> _DATASET EXCERPTS_:
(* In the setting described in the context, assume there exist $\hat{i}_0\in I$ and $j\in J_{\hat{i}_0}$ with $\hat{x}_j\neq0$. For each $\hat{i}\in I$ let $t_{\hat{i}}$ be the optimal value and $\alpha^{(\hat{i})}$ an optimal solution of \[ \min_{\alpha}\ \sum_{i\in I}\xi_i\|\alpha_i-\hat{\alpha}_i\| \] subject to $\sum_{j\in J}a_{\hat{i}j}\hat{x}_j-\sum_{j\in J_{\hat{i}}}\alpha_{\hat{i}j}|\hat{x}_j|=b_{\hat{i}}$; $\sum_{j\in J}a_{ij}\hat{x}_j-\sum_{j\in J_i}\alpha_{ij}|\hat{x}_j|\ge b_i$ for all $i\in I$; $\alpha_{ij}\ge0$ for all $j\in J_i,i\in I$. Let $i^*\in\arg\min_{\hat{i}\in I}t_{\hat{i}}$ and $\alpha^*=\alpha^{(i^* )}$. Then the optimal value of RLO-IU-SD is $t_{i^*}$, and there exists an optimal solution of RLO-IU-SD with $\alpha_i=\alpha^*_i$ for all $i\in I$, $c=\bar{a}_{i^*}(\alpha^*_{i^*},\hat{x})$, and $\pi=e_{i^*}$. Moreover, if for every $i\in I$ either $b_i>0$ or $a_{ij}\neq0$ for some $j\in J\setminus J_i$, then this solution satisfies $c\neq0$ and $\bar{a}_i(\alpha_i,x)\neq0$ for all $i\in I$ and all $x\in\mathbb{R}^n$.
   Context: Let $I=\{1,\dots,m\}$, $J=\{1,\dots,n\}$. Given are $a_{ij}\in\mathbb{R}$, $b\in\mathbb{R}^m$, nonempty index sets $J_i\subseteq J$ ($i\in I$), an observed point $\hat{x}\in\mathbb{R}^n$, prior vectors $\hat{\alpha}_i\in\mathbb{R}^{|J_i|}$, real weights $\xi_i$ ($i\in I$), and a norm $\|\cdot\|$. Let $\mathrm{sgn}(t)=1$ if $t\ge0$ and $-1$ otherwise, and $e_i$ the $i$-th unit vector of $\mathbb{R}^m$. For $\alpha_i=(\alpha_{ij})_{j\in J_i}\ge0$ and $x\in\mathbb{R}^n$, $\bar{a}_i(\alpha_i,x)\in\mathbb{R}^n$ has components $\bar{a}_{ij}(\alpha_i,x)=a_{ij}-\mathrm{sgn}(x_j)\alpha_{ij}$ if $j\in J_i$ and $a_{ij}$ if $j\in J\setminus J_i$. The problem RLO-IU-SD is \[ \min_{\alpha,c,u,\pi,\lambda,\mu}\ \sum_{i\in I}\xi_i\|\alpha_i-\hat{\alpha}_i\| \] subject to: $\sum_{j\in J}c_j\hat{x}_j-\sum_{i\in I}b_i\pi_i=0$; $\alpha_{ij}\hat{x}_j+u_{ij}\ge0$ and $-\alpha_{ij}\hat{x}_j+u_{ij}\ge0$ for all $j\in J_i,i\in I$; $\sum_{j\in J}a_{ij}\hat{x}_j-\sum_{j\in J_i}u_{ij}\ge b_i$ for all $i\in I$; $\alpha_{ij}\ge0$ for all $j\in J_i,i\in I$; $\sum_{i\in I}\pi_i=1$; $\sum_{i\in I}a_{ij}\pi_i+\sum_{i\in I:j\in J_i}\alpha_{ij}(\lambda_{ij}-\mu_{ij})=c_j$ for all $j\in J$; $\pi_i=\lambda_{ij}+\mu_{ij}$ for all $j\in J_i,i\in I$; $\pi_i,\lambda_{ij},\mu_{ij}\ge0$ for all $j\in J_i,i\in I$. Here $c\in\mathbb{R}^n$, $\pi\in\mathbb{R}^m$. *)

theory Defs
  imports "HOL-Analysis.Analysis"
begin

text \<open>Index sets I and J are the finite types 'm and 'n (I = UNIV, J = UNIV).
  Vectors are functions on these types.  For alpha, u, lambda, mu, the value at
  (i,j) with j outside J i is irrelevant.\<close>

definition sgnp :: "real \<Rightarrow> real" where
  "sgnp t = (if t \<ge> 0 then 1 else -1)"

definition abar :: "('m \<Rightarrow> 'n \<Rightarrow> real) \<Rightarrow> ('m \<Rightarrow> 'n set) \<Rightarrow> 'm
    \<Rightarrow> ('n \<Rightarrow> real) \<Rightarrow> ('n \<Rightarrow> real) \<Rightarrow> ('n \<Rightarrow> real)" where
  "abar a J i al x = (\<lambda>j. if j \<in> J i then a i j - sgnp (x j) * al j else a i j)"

> _WHAT YOU SHOULD DO_: Could you transcribe the entries above word for word, from the line with "set) \<Rightarrow> 'm" down to the line with "('n \<Rightarrow> real) \<Rightarrow> ('n", keeping both?

> _RESPONSE_:
definition abar :: "('m \<Rightarrow> 'n \<Rightarrow> real) \<Rightarrow> ('m \<Rightarrow> 'n set) \<Rightarrow> 'm
    \<Rightarrow> ('n \<Rightarrow> real) \<Rightarrow> ('n \<Rightarrow> real) \<Rightarrow> ('n \<Rightarrow> real)" where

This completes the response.